So here you are, at a crossroads in your life…again!
Disillusioned and confused, struggling with an inner battle between your head and heart. Asking the question, “am I letting go of something that is finished or am I giving up and not completing a task that I set for myself?”
Whether in business, in relationships, health and wellbeing, or the never-ending hunt for meaning and passion, we can find ourselves in a very different place to where we started. Inspiration can wither; ambition and vision can blur and dissolve. We are left wondering what the hell were we thinking!
Some of us may dive into the role of the victim; desperate to find all the reasons why this business, or that relationship or that health goal didn’t work out for us even though we tried so very, very hard.
Others choose to take it all on board and wallow in the shame, guilt, remorse and regret of a bad decision; of poor judgment and hard lessons learned. “I didn’t try hard enough, it was all my fault, I have let myself down, I’m a failure”.
We may, at various times and often in our lives, experience both of these realms of retrospective self-study and introspection. Sometimes it is so hard to know which one we are in. Are we running away, or actually stopping and turning to face our demons?
Perhaps we never know at the time.

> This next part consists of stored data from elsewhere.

(* A partial cube $G$ is affine if and only if for all vertices $u,v$ of $G$ there exist vertices $w,w'$ of $G$ with $\mathrm{conv}(w,w')=G$ (i.e. $w'=-_Gw$ is the antipode of $w$ in $G$) such that the set of $\Theta$-classes crossing $\mathrm{conv}(u,w)$ and the set of $\Theta$-classes crossing $\mathrm{conv}(v,w')$ are disjoint.
   Context: A partial cube is a graph isomorphic to an isometric subgraph of a hypercube; its edges are partitioned into $\Theta$-classes (Djoković–Winkler relation), each splitting the graph into two convex halfspaces; a $\Theta$-class crosses a subgraph if the subgraph meets both of its halfspaces. A subgraph is convex if it contains every shortest path between its vertices; $\mathrm{conv}(S)$ is the smallest convex subgraph containing $S$. For a subgraph $H$ and $x\in H$, the antipode $-_Hx$ is a vertex of $H$ with $\mathrm{conv}(x,-_Hx)=H$; a partial cube is antipodal if each of its vertices has an antipode in it. A partial cube is affine if it is isomorphic to a halfspace of some antipodal partial cube. *)

theory Defs
  imports Main
begin

text \<open>A graph is given by a vertex set V and an adjacency relation E (only its
restriction to V matters). Subgraphs such as conv(u,w) are induced subgraphs,
represented by their vertex sets.\<close>

definition walk :: "'a set \<Rightarrow> ('a \<Rightarrow> 'a \<Rightarrow> bool) \<Rightarrow> 'a list \<Rightarrow> bool" where
  "walk V E xs \<longleftrightarrow> xs \<noteq> [] \<and> set xs \<subseteq> V \<and>
     (\<forall>i. Suc i < length xs \<longrightarrow> E (xs ! i) (xs ! Suc i))"

definition walk_betw :: "'a set \<Rightarrow> ('a \<Rightarrow> 'a \<Rightarrow> bool) \<Rightarrow> 'a \<Rightarrow> 'a \<Rightarrow> 'a list \<Rightarrow> bool" where
  "walk_betw V E u v xs \<longleftrightarrow> walk V E xs \<and> hd xs = u \<and> last xs = v"

definition gdist :: "'a set \<Rightarrow> ('a \<Rightarrow> 'a \<Rightarrow> bool) \<Rightarrow> 'a \<Rightarrow> 'a \<Rightarrow> nat" where
  "gdist V E u v = (LEAST n. \<exists>xs. walk_betw V E u v xs \<and> length xs = Suc n)"

definition is_dist :: "'a set \<Rightarrow> ('a \<Rightarrow> 'a \<Rightarrow> bool) \<Rightarrow> 'a \<Rightarrow> 'a \<Rightarrow> nat \<Rightarrow> bool" where
  "is_dist V E u v n \<longleftrightarrow> (\<exists>xs. walk_betw V E u v xs \<and> length xs = Suc n) \<and>
     (\<forall>xs. walk_betw V E u v xs \<longrightarrow> Suc n \<le> length xs)"

text \<open>Partial cube: a finite nonempty simple graph admitting an isometric embedding
into a hypercube (vertices of hypercubes = finite sets of indices, Hamming distance
= cardinality of symmetric difference).\<close>
definition partial_cube :: "'a set \<Rightarrow> ('a \<Rightarrow> 'a \<Rightarrow> bool) \<Rightarrow> bool" where
  "partial_cube V E \<longleftrightarrow> finite V \<and> V \<noteq> {} \<and>
     (\<forall>x\<in>V. \<not> E x x) \<and> (\<forall>x\<in>V. \<forall>y\<in>V. E x y \<longrightarrow> E y x) \<and>
     (\<exists>f :: 'a \<Rightarrow> nat set. (\<forall>x\<in>V. finite (f x)) \<and>
        (\<forall>u\<in>V. \<forall>v\<in>V. is_dist V E u v (card ((f u - f v) \<union> (f v - f u)))))"

definition graph_edges :: "'a set \<Rightarrow> ('a \<Rightarrow> 'a \<Rightarrow> bool) \<Rightarrow> 'a set set" where
  "graph_edges V E = {{x, y} | x y. x \<in> V \<and> y \<in> V \<and> E x y}"

definition theta :: "'a set \<Rightarrow> ('a \<Rightarrow> 'a \<Rightarrow> bool) \<Rightarrow> 'a \<Rightarrow> 'a \<Rightarrow> 'a \<Rightarrow> 'a \<Rightarrow> bool" where
  "theta V E x y u v \<longleftrightarrow>
     gdist V E x u + gdist V E y v \<noteq> gdist V E x v + gdist V E y u"

definition theta_classes :: "'a set \<Rightarrow> ('a \<Rightarrow> 'a \<Rightarrow> bool) \<Rightarrow> 'a set set set" where
  "theta_classes V E =
     {{{u, v} | u v. u \<in> V \<and> v \<in> V \<and> E u v \<and> theta V E x y u v} | x y.
        x \<in> V \<and> y \<in> V \<and> E x y}"

definition halfspace :: "'a set \<Rightarrow> ('a \<Rightarrow> 'a \<Rightarrow> bool) \<Rightarrow> 'a \<Rightarrow> 'a \<Rightarrow> 'a set" where
  "halfspace V E x y = {w \<in> V. gdist V E w x < gdist V E w y}"

definition crosses :: "'a set \<Rightarrow> ('a \<Rightarrow> 'a \<Rightarrow> bool) \<Rightarrow> 'a set set \<Rightarrow> 'a set \<Rightarrow> bool" where
  "crosses V E C S \<longleftrightarrow> (\<exists>x\<in>V. \<exists>y\<in>V. E x y \<and> {x, y} \<in> C \<and>
      S \<inter> halfspace V E x y \<noteq> {} \<and> S \<inter> halfspace V E y x \<noteq> {})"

definition convex_sub :: "'a set \<Rightarrow> ('a \<Rightarrow> 'a \<Rightarrow> bool) \<Rightarrow> 'a set \<Rightarrow> bool" where
  "convex_sub V E S \<longleftrightarrow> S \<subseteq> V \<and>
     (\<forall>u\<in>S. \<forall>v\<in>S. \<forall>xs. walk_betw V E u v xs \<and> length xs = Suc (gdist V E u v)
        \<longrightarrow> set xs \<subseteq> S)"

definition conv :: "'a set \<Rightarrow> ('a \<Rightarrow> 'a \<Rightarrow> bool) \<Rightarrow> 'a set \<Rightarrow> 'a set" where
  "conv V E S = \<Inter> {T. convex_sub V E T \<and> S \<subseteq> T}"

definition antipodal :: "'a set \<Rightarrow> ('a \<Rightarrow> 'a \<Rightarrow> bool) \<Rightarrow> bool" where
  "antipodal V E \<longleftrightarrow> partial_cube V E \<and> (\<forall>x\<in>V. \<exists>y\<in>V. conv V E {x, y} = V)"

text \<open>Since all graphs are finite, the antipodal partial cube can be taken
with vertices in nat without loss of generality.\<close>
definition affine :: "'a set \<Rightarrow> ('a \<Rightarrow> 'a \<Rightarrow> bool) \<Rightarrow> bool" where
  "affine V E \<longleftrightarrow> (\<exists>(W :: nat set) F x y f. antipodal W F \<and> x \<in> W \<and> y \<in> W \<and> F x y \<and>
     bij_betw f V (halfspace W F x y) \<and>
     (\<forall>a\<in>V. \<forall>b\<in>V. E a b \<longleftrightarrow> F (f a) (f b)))"

end

theory Submission
  imports Defs
begin

text \<open>
  Fix an isometric embedding of \<open>G\<close> into a hypercube: coordinates \<open>\<phi> z\<close> (finite sets of
  indices) whose Hamming distance is the graph distance. Then the \<open>\<Theta>\<close>-classes correspond to
  coordinates, the classes crossing \<open>conv(u,w)\<close> are the coordinates in which \<open>u\<close> and \<open>w\<close>
  differ, and \<open>conv(w,w') = G\<close> says that every vertex lies coordinatewise between \<open>w\<close> and
  \<open>w'\<close>. So the condition asks for antipodes \<open>w, w'\<close> such that no coordinate separates both
  \<open>u\<close> from \<open>w\<close> and \<open>v\<close> from \<open>w'\<close>.

  If \<open>G\<close> is a halfspace \<open>{z. (j \<in> \<phi> z) = c}\<close> of an antipodal partial cube \<open>A\<close>, a geodesic of
  \<open>A\<close> from \<open>u\<close> to the antipode of \<open>v\<close> leaves \<open>G\<close> along an edge \<open>pq\<close> in direction \<open>j\<close>.
  Then \<open>p\<close> and the antipode of \<open>q\<close> in \<open>A\<close> form such a pair for \<open>G\<close>, because \<open>q\<close> lies
  between \<open>u\<close> and the antipode of \<open>v\<close>.

  Conversely, glue \<open>G\<close> to a mirror copy \<open>-G\<close> carrying the complementary coordinates plus a
  new coordinate \<open>N\<close>, joining \<open>w\<close> to \<open>-w'\<close> whenever \<open>w, w'\<close> are antipodes of \<open>G\<close>. For
  vertices \<open>s\<close> and \<open>-t\<close> the condition yields antipodes \<open>w, w'\<close> whose sets of coordinates to
  be flipped on the way \<open>s \<leadsto> w\<close> and \<open>-w' \<leadsto> -t\<close> are disjoint, so this path is a geodesic.
  Hence the glued graph is a partial cube; it is antipodal with antipodes \<open>z, -z\<close>, and \<open>G\<close> is
  its halfspace \<open>N \<notin> \<phi>\<close>.
\<close>

section \<open>Hamming distance\<close>

definition hamming_dist :: "('b \<Rightarrow> nat set) \<Rightarrow> 'b \<Rightarrow> 'b \<Rightarrow> nat" where
  "hamming_dist g a b = card (sym_diff (g a) (g b))"

lemma hamming_dist_commute: "hamming_dist g a b = hamming_dist g b a"
  by (simp add: hamming_dist_def Un_commute)

lemma hamming_dist_self [simp]: "hamming_dist g a a = 0"
  by (simp add: hamming_dist_def)

lemma card_sym_diff_triangle:
  assumes "finite A" "finite B" "finite C"
  shows "card (sym_diff A C) \<le> card (sym_diff A B) + card (sym_diff B C)"
proof -
  have "card (sym_diff A C) \<le> card (sym_diff A B \<union> sym_diff B C)"
    using assms by (intro card_mono) auto
  also have "\<dots> \<le> card (sym_diff A B) + card (sym_diff B C)"
    by (rule card_Un_le)
  finally show ?thesis .
qed

lemma card_sym_diff_add_le_imp_between:
  assumes "finite A" "finite B" "finite Z"
    and "card (sym_diff A Z) + card (sym_diff Z B) \<le> card (sym_diff A B)"
  shows "A \<inter> B \<subseteq> Z \<and> Z \<subseteq> A \<union> B"
proof -
  let ?X = "sym_diff A Z" and ?Y = "sym_diff Z B"
  have fin: "finite ?X" "finite ?Y" using assms by auto
  have "card (sym_diff A B) \<le> card (?X \<union> ?Y)"
    using fin by (intro card_mono) auto
  moreover have "card (?X \<union> ?Y) + card (?X \<inter> ?Y) = card ?X + card ?Y"
    using fin by (rule card_Un_Int[symmetric])
  ultimately have "card (?X \<inter> ?Y) = 0"
    using assms(4) by linarith
  then have "?X \<inter> ?Y = {}"
    using fin by simp
  then show ?thesis by blast
qed

lemma card_sym_diff_add_eq_if_between:
  assumes "finite A" "finite B" "finite Z" "A \<inter> B \<subseteq> Z" "Z \<subseteq> A \<union> B"
  shows "card (sym_diff A Z) + card (sym_diff Z B) = card (sym_diff A B)"
proof -
  have "sym_diff A B = sym_diff A Z \<union> sym_diff Z B" "sym_diff A Z \<inter> sym_diff Z B = {}"
    using assms(4,5) by auto
  then show ?thesis
    using assms(1-3) by (simp add: card_Un_disjoint)
qed

lemma card_sym_diff_singleton:
  assumes "finite A"
  shows "int (card (sym_diff A {k})) = int (card A) + (if k \<in> A then -1 else 1)"
proof (cases "k \<in> A")
  case True
  then have "sym_diff A {k} = A - {k}" "0 < card A"
    using assms card_gt_0_iff by blast+
  then show ?thesis using True by (simp add: of_nat_diff)
next
  case False
  then have "sym_diff A {k} = insert k A" by blast
  then show ?thesis using False assms by simp
qed

section \<open>Walks\<close>

lemma not_walk_Nil [simp]: "\<not> walk V E []"
  by (simp add: walk_def)

lemma walk_singleton [simp]: "walk V E [x] \<longleftrightarrow> x \<in> V"
  by (auto simp: walk_def)

lemma walk_Cons_Cons [simp]:
  "walk V E (x # y # zs) \<longleftrightarrow> x \<in> V \<and> E x y \<and> walk V E (y # zs)"
  by (auto simp: walk_def nth_Cons less_Suc_eq_0_disj split: nat.splits)

lemma walk_append:
  assumes "walk V E xs" "walk V E ys" "last xs = hd ys"
  shows "walk V E (xs @ tl ys)"
  using assms
proof (induction xs rule: induct_list012)
  case (2 x)
  then show ?case by (cases ys) auto
qed auto

lemma walk_betw_append:
  assumes "walk_betw V E u v xs" "walk_betw V E v w ys"
  shows "walk_betw V E u w (xs @ tl ys)" and "length (xs @ tl ys) = length xs + length ys - 1"
proof -
  have ne: "xs \<noteq> []" "ys \<noteq> []" using assms by (auto simp: walk_betw_def walk_def)
  have "last (xs @ tl ys) = last ys"
    using ne assms by (cases ys) (auto simp: walk_betw_def)
  then show "walk_betw V E u w (xs @ tl ys)"
    using assms ne walk_append[of V E xs ys] by (auto simp: walk_betw_def)
  show "length (xs @ tl ys) = length xs + length ys - 1"
    using ne by (cases ys) auto
qed

lemma walk_betw_map:
  assumes "walk_betw V E u v xs" "\<forall>p\<in>set xs. h p \<in> V'"
    and "\<forall>p\<in>set xs. \<forall>q\<in>set xs. E p q \<longrightarrow> E' (h p) (h q)"
  shows "walk_betw V' E' (h u) (h v) (map h xs)"
proof -
  have "walk V' E' (map h ys)" if "walk V E ys" "set ys \<subseteq> set xs" for ys
    using that by (induction ys rule: induct_list012) (use assms(2,3) in auto)
  then have "walk V' E' (map h xs)"
    using assms(1) by (simp add: walk_betw_def)
  moreover have "xs \<noteq> []" using assms(1) by (auto simp: walk_betw_def walk_def)
  ultimately show ?thesis
    using assms(1) by (simp add: walk_betw_def hd_map last_map)
qed
lemma abs_gbinomial_corner_le:
  fixes a b :: real
  assumes n: "i + 4 \<le> n" and k: "real (n - i) \<le> 2 * real k"
    and a: "0 \<le> a" and b: "0 < b" "b \<le> 1" and ab: "a + b \<le> 2"
  shows "\<bar>(real n - (a + b)) gchoose i\<bar> * \<bar>b gchoose k\<bar>
    \<le> 2 * real (n choose i) / (real (n - i) * exp 1 * (ln (real n) - 1))"
proof -
  define m where "m = real (n - i)"
  define r where "r = (m + 1) / (real n + 1)"
  define x where "x = real k / r"
  have m: "4 \<le> m" "m \<le> real n" using n unfolding m_def by auto
  have k2: "2 \<le> real k" using k m unfolding m_def by linarith
  have r: "0 < r" "r \<le> 1" using m unfolding r_def by auto
  have ln_n: "0 < ln (real n) - 1" using exp_le m by (simp add: one_less_ln)
  have ln_x: "ln (real n) - 1 \<le> ln x"
    using ln_sub_one_le_ln_ratio[of m "real k" "real n"] m k unfolding x_def r_def m_def by simp
  have x: "1 < x"
  proof -
    have "0 < x" "0 < ln x" using ln_x ln_n r k2 unfolding x_def by auto
    then show ?thesis by simp
  qed
  have F: "\<bar>(real n - (a + b)) gchoose i\<bar> \<le> real (n choose i) * r powr b"
  proof -
    have "\<bar>(real n - (a + b)) gchoose i\<bar> \<le> real (n choose i) * r powr (a + b)"
      using abs_gbinomial_diff_le_powr[of "a + b" i n] a b ab n unfolding r_def m_def by simp
    also have "\<dots> \<le> real (n choose i) * r powr b"
      using r a by (intro mult_left_mono powr_mono') auto
    finally show ?thesis .
  qed
  have G: "\<bar>b gchoose k\<bar> \<le> b / real k * real k powr (- b)"
    using abs_gbinomial_le_powr[of b k] b k2 by simp
  have "\<bar>(real n - (a + b)) gchoose i\<bar> * \<bar>b gchoose k\<bar>
      \<le> real (n choose i) * r powr b * (b / real k * real k powr (- b))"
    using F G by (intro mult_mono) auto
  also have "\<dots> = real (n choose i) / real k * (b * x powr (- b))"
    using r k2 unfolding x_def by (simp add: powr_divide powr_minus field_simps)
  also have "\<dots> \<le> real (n choose i) / real k * (1 / (exp 1 * ln x))"
    using mult_powr_neg_le[OF b(1) x] by (intro mult_left_mono) auto
  also have "\<dots> = real (n choose i) / (real k * (exp 1 * ln x))" by simp
  also have "\<dots> \<le> real (n choose i) / (m / 2 * (exp 1 * (ln (real n) - 1)))"
    using k ln_x ln_n m unfolding m_def by (intro divide_left_mono mult_mono mult_pos_pos) auto
  also have "\<dots> = 2 * real (n choose i) / (m * exp 1 * (ln (real n) - 1))" by (simp add: ac_simps)
  finally show ?thesis unfolding m_def .
qed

Perhaps it is what comes next that informs and educates us to be better attuned to our own intuition and instincts.
How often have we looked back,and realised that if certain events that at the time seemed utterly awful and confronting had not occurred, then the next set of events could simply not have happened. They didn’t exist, or were not available to us at the time. That book had not gone on sale, that offer or opportunity had not arrived in front of us or that person was not in our lives, that door wasn’t there to be opened. We were not yet ready for that experience.
The extent to which we try to engineer and control our lives is also the extent to which we have to deal with disappointment and frustrations. We create our own expectations of ourselves or worse, we allow others to impose theirs on us.
So is there a difference between letting go and giving up? Between surrender and defeat, between allowing and absolving?
The key must be in our responsibility. We can feel all the pangs and cringes of failure and self-judgment and just let that be there in all its gory glory. It is a lesson and like learning to ride a bike, it often hurts like hell. But something is learned, something develops, consciously or not, we grow and change, ready to handle the next challenge with just a hint more strength, a bit more determination and a relaxation into our imperfection. In that, is the liberation of letting go. Therein lies the surrender and humility in the face of our vulnerability and exposure. It is a time of accelerated growth and development if we can stay with the pain, forgive ourselves and stay trusting. Then we can say we are letting go, letting the river take us downstream to an unknown ocean.
‘Giving up’ is just a position, a reaction or a refusal to relinquish an illusion of control. We can have aspirations, ambitions, goals and desires, but in the end, life is chaotic. It is stormy and unpredictable. Sometimes, when the clouds part we find ourselves in uncharted territory. We must learn to let go and trust in our ship to ride the waves of the next tempest as we strengthen the hull and learn to better navigate with our own inner compass and our true North Star.